What lines of the material hold the string "intro"? Pull each of them out.

⁂

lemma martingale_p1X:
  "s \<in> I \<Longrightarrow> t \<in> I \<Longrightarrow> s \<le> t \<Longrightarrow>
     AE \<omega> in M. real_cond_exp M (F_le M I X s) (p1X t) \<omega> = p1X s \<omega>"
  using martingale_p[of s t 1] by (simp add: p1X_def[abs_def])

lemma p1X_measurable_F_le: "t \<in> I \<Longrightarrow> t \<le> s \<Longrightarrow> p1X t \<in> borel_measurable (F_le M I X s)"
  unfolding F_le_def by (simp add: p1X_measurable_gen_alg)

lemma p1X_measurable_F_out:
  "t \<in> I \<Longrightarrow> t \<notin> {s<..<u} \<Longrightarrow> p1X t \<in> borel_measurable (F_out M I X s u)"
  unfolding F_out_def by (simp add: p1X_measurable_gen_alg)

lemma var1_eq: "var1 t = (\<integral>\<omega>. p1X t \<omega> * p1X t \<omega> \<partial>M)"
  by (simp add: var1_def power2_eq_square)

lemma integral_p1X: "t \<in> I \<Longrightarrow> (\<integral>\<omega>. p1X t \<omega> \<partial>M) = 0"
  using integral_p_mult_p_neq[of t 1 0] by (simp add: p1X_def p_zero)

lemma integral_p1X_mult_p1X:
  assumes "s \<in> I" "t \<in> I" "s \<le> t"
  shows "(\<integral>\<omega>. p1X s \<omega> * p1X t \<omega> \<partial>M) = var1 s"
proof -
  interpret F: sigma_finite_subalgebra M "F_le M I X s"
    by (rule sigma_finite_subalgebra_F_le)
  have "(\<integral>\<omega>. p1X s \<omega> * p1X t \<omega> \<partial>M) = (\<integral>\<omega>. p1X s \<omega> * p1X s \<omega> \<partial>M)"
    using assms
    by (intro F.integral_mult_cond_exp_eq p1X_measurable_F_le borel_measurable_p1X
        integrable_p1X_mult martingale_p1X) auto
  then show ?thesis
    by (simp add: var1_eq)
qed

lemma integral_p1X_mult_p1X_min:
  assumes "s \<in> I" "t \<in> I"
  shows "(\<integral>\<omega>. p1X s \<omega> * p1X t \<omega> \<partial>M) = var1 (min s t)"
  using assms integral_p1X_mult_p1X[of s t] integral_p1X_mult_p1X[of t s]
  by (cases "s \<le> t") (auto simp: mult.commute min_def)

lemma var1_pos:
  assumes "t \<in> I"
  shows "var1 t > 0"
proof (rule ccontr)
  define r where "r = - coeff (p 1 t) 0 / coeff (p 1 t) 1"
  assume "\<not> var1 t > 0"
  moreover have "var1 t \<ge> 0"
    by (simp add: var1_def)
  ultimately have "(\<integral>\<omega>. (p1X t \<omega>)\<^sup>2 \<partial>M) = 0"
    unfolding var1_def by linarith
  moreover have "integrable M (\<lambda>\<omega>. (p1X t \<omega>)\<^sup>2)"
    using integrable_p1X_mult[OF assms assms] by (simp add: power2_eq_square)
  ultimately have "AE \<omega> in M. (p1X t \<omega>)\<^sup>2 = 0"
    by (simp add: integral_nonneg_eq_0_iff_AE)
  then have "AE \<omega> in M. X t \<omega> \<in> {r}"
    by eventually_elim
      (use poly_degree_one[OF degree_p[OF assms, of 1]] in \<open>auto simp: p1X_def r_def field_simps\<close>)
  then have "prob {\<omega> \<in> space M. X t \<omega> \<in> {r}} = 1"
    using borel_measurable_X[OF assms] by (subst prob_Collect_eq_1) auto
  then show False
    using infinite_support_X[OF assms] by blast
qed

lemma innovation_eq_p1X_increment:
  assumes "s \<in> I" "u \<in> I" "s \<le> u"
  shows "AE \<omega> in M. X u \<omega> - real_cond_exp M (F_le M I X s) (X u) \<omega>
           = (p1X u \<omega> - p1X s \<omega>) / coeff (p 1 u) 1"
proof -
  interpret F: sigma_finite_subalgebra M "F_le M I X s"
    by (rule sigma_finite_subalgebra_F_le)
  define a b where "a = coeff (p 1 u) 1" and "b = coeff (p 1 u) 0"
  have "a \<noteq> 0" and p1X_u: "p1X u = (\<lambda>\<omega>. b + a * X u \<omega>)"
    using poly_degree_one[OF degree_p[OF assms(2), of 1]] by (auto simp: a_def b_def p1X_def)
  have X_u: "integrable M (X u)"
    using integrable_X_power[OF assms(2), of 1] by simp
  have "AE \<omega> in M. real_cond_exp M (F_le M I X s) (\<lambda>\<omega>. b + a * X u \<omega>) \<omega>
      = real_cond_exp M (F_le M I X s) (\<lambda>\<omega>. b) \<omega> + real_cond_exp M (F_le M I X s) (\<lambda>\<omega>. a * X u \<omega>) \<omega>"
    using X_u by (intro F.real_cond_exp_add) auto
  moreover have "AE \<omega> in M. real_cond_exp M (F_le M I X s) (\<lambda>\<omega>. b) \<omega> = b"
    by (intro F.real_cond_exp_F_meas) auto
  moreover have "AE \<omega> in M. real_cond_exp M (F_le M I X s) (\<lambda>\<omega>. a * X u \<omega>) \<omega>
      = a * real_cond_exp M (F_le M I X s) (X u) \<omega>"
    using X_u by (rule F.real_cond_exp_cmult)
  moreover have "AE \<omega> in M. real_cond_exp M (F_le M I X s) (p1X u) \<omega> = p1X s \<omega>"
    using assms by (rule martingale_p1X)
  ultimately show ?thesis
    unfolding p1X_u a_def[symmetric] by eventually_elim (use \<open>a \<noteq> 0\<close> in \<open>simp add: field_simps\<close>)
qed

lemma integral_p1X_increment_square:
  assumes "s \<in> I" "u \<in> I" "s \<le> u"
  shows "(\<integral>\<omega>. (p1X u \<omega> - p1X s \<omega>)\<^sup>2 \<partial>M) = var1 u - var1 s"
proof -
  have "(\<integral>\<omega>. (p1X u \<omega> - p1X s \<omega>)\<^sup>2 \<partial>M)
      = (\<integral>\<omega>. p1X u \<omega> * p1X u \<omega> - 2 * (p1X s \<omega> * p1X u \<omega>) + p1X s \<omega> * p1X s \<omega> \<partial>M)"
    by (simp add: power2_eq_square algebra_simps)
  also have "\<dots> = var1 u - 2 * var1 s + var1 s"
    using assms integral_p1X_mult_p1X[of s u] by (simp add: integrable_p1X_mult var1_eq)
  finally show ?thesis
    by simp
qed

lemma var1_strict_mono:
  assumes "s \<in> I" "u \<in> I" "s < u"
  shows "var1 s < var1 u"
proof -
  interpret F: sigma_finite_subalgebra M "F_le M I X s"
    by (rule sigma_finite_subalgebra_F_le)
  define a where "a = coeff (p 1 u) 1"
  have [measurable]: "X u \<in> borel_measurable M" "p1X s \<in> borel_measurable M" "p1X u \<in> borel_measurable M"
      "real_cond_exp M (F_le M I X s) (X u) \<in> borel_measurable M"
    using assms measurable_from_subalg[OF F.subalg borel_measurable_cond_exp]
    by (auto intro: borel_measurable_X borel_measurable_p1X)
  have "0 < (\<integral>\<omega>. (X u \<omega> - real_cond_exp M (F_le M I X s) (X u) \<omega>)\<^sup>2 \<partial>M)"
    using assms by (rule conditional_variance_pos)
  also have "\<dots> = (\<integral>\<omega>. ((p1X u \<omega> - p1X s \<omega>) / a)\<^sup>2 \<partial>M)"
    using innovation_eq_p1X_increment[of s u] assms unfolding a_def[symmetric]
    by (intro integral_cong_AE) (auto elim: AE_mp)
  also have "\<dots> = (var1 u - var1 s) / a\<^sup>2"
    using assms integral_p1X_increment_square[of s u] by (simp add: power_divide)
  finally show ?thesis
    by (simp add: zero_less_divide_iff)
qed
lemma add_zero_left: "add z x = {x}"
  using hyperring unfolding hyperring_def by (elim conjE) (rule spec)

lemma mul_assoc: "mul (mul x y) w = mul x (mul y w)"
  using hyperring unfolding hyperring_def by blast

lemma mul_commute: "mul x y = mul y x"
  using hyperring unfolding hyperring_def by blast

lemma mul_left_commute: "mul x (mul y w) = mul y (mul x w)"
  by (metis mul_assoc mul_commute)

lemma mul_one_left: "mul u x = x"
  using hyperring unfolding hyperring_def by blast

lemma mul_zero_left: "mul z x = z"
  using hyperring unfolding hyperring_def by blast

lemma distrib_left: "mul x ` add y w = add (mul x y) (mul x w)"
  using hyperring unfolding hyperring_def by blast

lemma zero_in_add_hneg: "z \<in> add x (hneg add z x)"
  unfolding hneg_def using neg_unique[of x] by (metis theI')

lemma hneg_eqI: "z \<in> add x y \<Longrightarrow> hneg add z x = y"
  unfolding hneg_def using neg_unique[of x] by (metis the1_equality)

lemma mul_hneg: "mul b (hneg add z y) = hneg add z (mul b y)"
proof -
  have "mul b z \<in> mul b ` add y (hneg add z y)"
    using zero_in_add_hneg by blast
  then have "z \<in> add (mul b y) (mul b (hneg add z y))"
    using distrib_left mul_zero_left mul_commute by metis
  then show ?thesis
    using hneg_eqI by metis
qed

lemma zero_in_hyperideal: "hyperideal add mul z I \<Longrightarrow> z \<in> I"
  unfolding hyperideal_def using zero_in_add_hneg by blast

⁂

#### Answer to this task:
    by (intro F.integral_mult_cond_exp_eq p1X_measurable_F_le borel_measurable_p1X
    using X_u by (intro F.real_cond_exp_add) auto
    by (intro F.real_cond_exp_F_meas) auto
    by (auto intro: borel_measurable_X borel_measurable_p1X)
    by (intro integral_cong_AE) (auto elim: AE_mp)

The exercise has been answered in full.